Stehlen wir unseren Kindern durch die Ausbeutung von Rohstoffen die Zukunft? Mitnichten – der Erfindergeist und die gesellschaftliche Entwicklung werden das richten, sagt Dr. Diethard Schade, Vorstandssprecher der Akademie für Technikfolgenabschätzung in Baden-Württemberg: Der 1936 geborene Physiker hat sich zeit seines Berufslebens (Stationen in Forschungszentren, im Bonner Forschungsministerium, bei Volkswagen und Daimler-Benz) mit dem Verhältnis von Technik und Gesellschaft auseinandergesetzt.

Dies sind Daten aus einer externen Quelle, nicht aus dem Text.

(* Let $N\ge2$, let $\Omega_1,\Omega_2\subset\mathbb{R}^N$ be bounded domains with $C^2$ boundary, and let $\Gamma_i\subset\partial\Omega_i$, $i=1,2$, be closed sets. Let $p\colon\bar\Omega_1\to[1,\infty)$ and $q\colon\bar\Omega_1\to[1,\infty)$ be measurable exponents. If $\Omega_2\subset\Omega_1$, $\partial\Omega_2\cap\Omega_1\subset\Gamma_2$ and $\Gamma_1\cap\partial\Omega_2\subset\Gamma_2$, then $$T(p(\cdot),q(\cdot),\Omega_1,\Gamma_1)\le T(p(\cdot),q(\cdot),\Omega_2,\Gamma_2).$$
   Context: For a domain $D$, $L^{s(x)}$ spaces carry the Luxemburg norm $\|u\|_{s(x)}=\inf\{\lambda>0:\int|u/\lambda|^{s(x)}\le1\}$ (on $\partial D$ w.r.t. surface measure). $\|u\|_{1,p(x),D}=\inf\{\lambda>0:\int_D|u/\lambda|^{p(x)}+|\nabla u/\lambda|^{p(x)}dx\le1\}$. For closed $\Gamma\subset\partial D$, $W^{1,p(x)}_\Gamma(D)$ is the closure in this norm of $\{\phi\in C^\infty(\bar D):\phi$ vanishes in a neighborhood of $\Gamma\}$, and $$T(p(\cdot),q(\cdot),D,\Gamma)=\inf_{v\in W^{1,p(x)}_\Gamma(D)}\frac{\|v\|_{1,p(x),D}}{\|v\|_{L^{q(x)}(\partial D)}},$$ the infimum over $v$ with nonzero trace. *)

theory Defs
  imports "HOL-Analysis.Analysis"
begin

text \<open>Normalised s-dimensional Hausdorff outer measure (normalisation alpha(s) 2^(-s)
  diam^s, so that H^(N-1) restricted to a C^2 hypersurface is surface measure).\<close>

definition haus_coef :: "real \<Rightarrow> real" where
  "haus_coef s = pi powr (s / 2) / Gamma (s / 2 + 1) / 2 powr s"

definition haus_delta :: "real \<Rightarrow> real \<Rightarrow> ('a::metric_space) set \<Rightarrow> ennreal" where
  "haus_delta s \<delta> A =
     Inf {(\<Sum>i. ennreal (haus_coef s * diameter (C i) powr s)) | C.
            A \<subseteq> (\<Union>i. C i) \<and> (\<forall>i. diameter (C i) \<le> \<delta>)}"

definition hausdorff_outer :: "real \<Rightarrow> ('a::metric_space) set \<Rightarrow> ennreal" where
  "hausdorff_outer s A = (SUP \<delta>\<in>{0<..}. haus_delta s \<delta> A)"

definition hausdorff_measure :: "real \<Rightarrow> ('a::metric_space) measure" where
  "hausdorff_measure s = measure_of UNIV (sets borel) (hausdorff_outer s)"

definition surface_measure :: "(real^'n) set \<Rightarrow> (real^'n) measure" where
  "surface_measure D = restrict_space (hausdorff_measure (real CARD('n) - 1)) (frontier D)"

definition C2_on :: "(real^'n \<Rightarrow> real) \<Rightarrow> (real^'n) set \<Rightarrow> bool" where
  "C2_on \<psi> U \<longleftrightarrow> (\<exists>g H.
      (\<forall>x\<in>U. (\<psi> has_derivative (\<lambda>h. g x \<bullet> h)) (at x)) \<and>
      (\<forall>x\<in>U. (g has_derivative (\<lambda>h. H x *v h)) (at x)) \<and>
      continuous_on U H)"

definition C2_domain :: "(real^'n) set \<Rightarrow> bool" where
  "C2_domain D \<longleftrightarrow> open D \<and> connected D \<and> D \<noteq> {} \<and> bounded D \<and>
     (\<forall>x0\<in>frontier D. \<exists>r>0. \<exists>\<psi>. C2_on \<psi> (ball x0 r) \<and>
        (\<forall>x\<in>ball x0 r. frechet_derivative \<psi> (at x) \<noteq> (\<lambda>h. 0)) \<and>
        D \<inter> ball x0 r = {x\<in>ball x0 r. \<psi> x < 0})"

definition partial_deriv :: "(real^'n \<Rightarrow> real) \<Rightarrow> 'n \<Rightarrow> real^'n \<Rightarrow> real" where
  "partial_deriv f i x = frechet_derivative f (at x) (axis i 1)"

definition grad :: "(real^'n \<Rightarrow> real) \<Rightarrow> real^'n \<Rightarrow> real^'n" where
  "grad f x = (\<chi> i. partial_deriv f i x)"

definition smooth_fun :: "(real^'n \<Rightarrow> real) \<Rightarrow> bool" where
  "smooth_fun f \<longleftrightarrow> (\<exists>S. f \<in> S \<and>
     (\<forall>h\<in>S. (\<forall>x. h differentiable (at x)) \<and> continuous_on UNIV h \<and>
             (\<forall>i. partial_deriv h i \<in> S)))"

text \<open>phi in C^infinity(closure D) (restriction of a smooth function on R^N) vanishing in a
  neighbourhood of Gamma.\<close>
definition test_class :: "(real^'n) set \<Rightarrow> (real^'n) set \<Rightarrow> (real^'n \<Rightarrow> real) set" where
  "test_class D \<Gamma> = {\<phi>. smooth_fun \<phi> \<and>
      (\<exists>U. open U \<and> \<Gamma> \<subseteq> U \<and> (\<forall>x\<in>U \<inter> closure D. \<phi> x = 0))}"

definition sob_norm :: "(real^'n \<Rightarrow> real) \<Rightarrow> (real^'n) set \<Rightarrow>
                        (real^'n \<Rightarrow> real) \<Rightarrow> (real^'n \<Rightarrow> real^'n) \<Rightarrow> ereal" where
  "sob_norm p D u G = Inf {ereal t | t. t > 0 \<and>
      (\<integral>\<^sup>+ x \<in> D. ennreal (\<bar>u x / t\<bar> powr p x + (norm (G x) / t) powr p x) \<partial>lebesgue) \<le> 1}"

definition bnd_norm :: "(real^'n \<Rightarrow> real) \<Rightarrow> (real^'n) set \<Rightarrow> (real^'n \<Rightarrow> real) \<Rightarrow> ereal" where
  "bnd_norm q D g = Inf {ereal t | t. t > 0 \<and>
      (\<integral>\<^sup>+ x. ennreal (\<bar>g x / t\<bar> powr q x) \<partial>surface_measure D) \<le> 1}"

text \<open>(u, G, g): u is an element of the closure of the test class in the norm
  sob_norm, G its (weak) gradient, and g its trace on the boundary, i.e. the L^1(boundary)
  limit of the boundary values of the approximating smooth functions.\<close>
definition W_trace :: "(real^'n \<Rightarrow> real) \<Rightarrow> (real^'n) set \<Rightarrow> (real^'n) set \<Rightarrow>
      (real^'n \<Rightarrow> real) \<Rightarrow> (real^'n \<Rightarrow> real^'n) \<Rightarrow> (real^'n \<Rightarrow> real) \<Rightarrow> bool" where
  "W_trace p D \<Gamma> u G g \<longleftrightarrow>
     u \<in> borel_measurable lebesgue \<and> G \<in> borel_measurable lebesgue \<and>
     g \<in> borel_measurable (surface_measure D) \<and>
     (\<exists>\<phi>::nat \<Rightarrow> real^'n \<Rightarrow> real. (\<forall>k. \<phi> k \<in> test_class D \<Gamma>) \<and>
        ((\<lambda>k. sob_norm p D (\<lambda>x. \<phi> k x - u x) (\<lambda>x. grad (\<phi> k) x - G x)) \<longlongrightarrow> 0) sequentially \<and>
        ((\<lambda>k. \<integral>\<^sup>+ x. ennreal \<bar>\<phi> k x - g x\<bar> \<partial>surface_measure D) \<longlongrightarrow> 0) sequentially)"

Immer häufiger vernehmen wir die Forderung, daß wir unsere Lebensweise nachhaltig gestalten sollen. Diese Forderung leitet sich in erster Linie aus Überlegungen zur Gerechtigkeit gegenüber künftigen Generationen ab: Die heutigen Generationen sollen Verantwortung für die Zukunft übernehmen und dürfen ihr Leben daher nicht auf Kosten künftiger Generationen führen. Dieses Konzept setzt Normen für das, was wir tun sollen oder tun dürfen, ist also ethisch begründet und läßt sich nicht – wie manchmal dargestellt – aus ökologischen Zwängen oder naturwissenschaftlichen Erkenntnissen ableiten.

Wenn Nachhaltigkeit zur Leitlinie unseres Handelns werden soll, stellt die Nutzung der natürlichen – und damit begrenzten – Ressourcen offensichtlich ein Problem dar. Denn deren Nutzung führt dazu, daß

Ressourcen verringert werden, andere so fein verteilt werden, daß eine Wiedernutzung praktisch ausgeschlossen ist und wieder andere endgültig verloren gehen.

Böden können durch Schadstoffe so belastet werden, daß Landwirtschaft unmöglich wird. Eisen kann sich in Rost oder Abrieb umsetzen. Erdöl, das heute verbrannt wird, ist für künftige Generationen verloren.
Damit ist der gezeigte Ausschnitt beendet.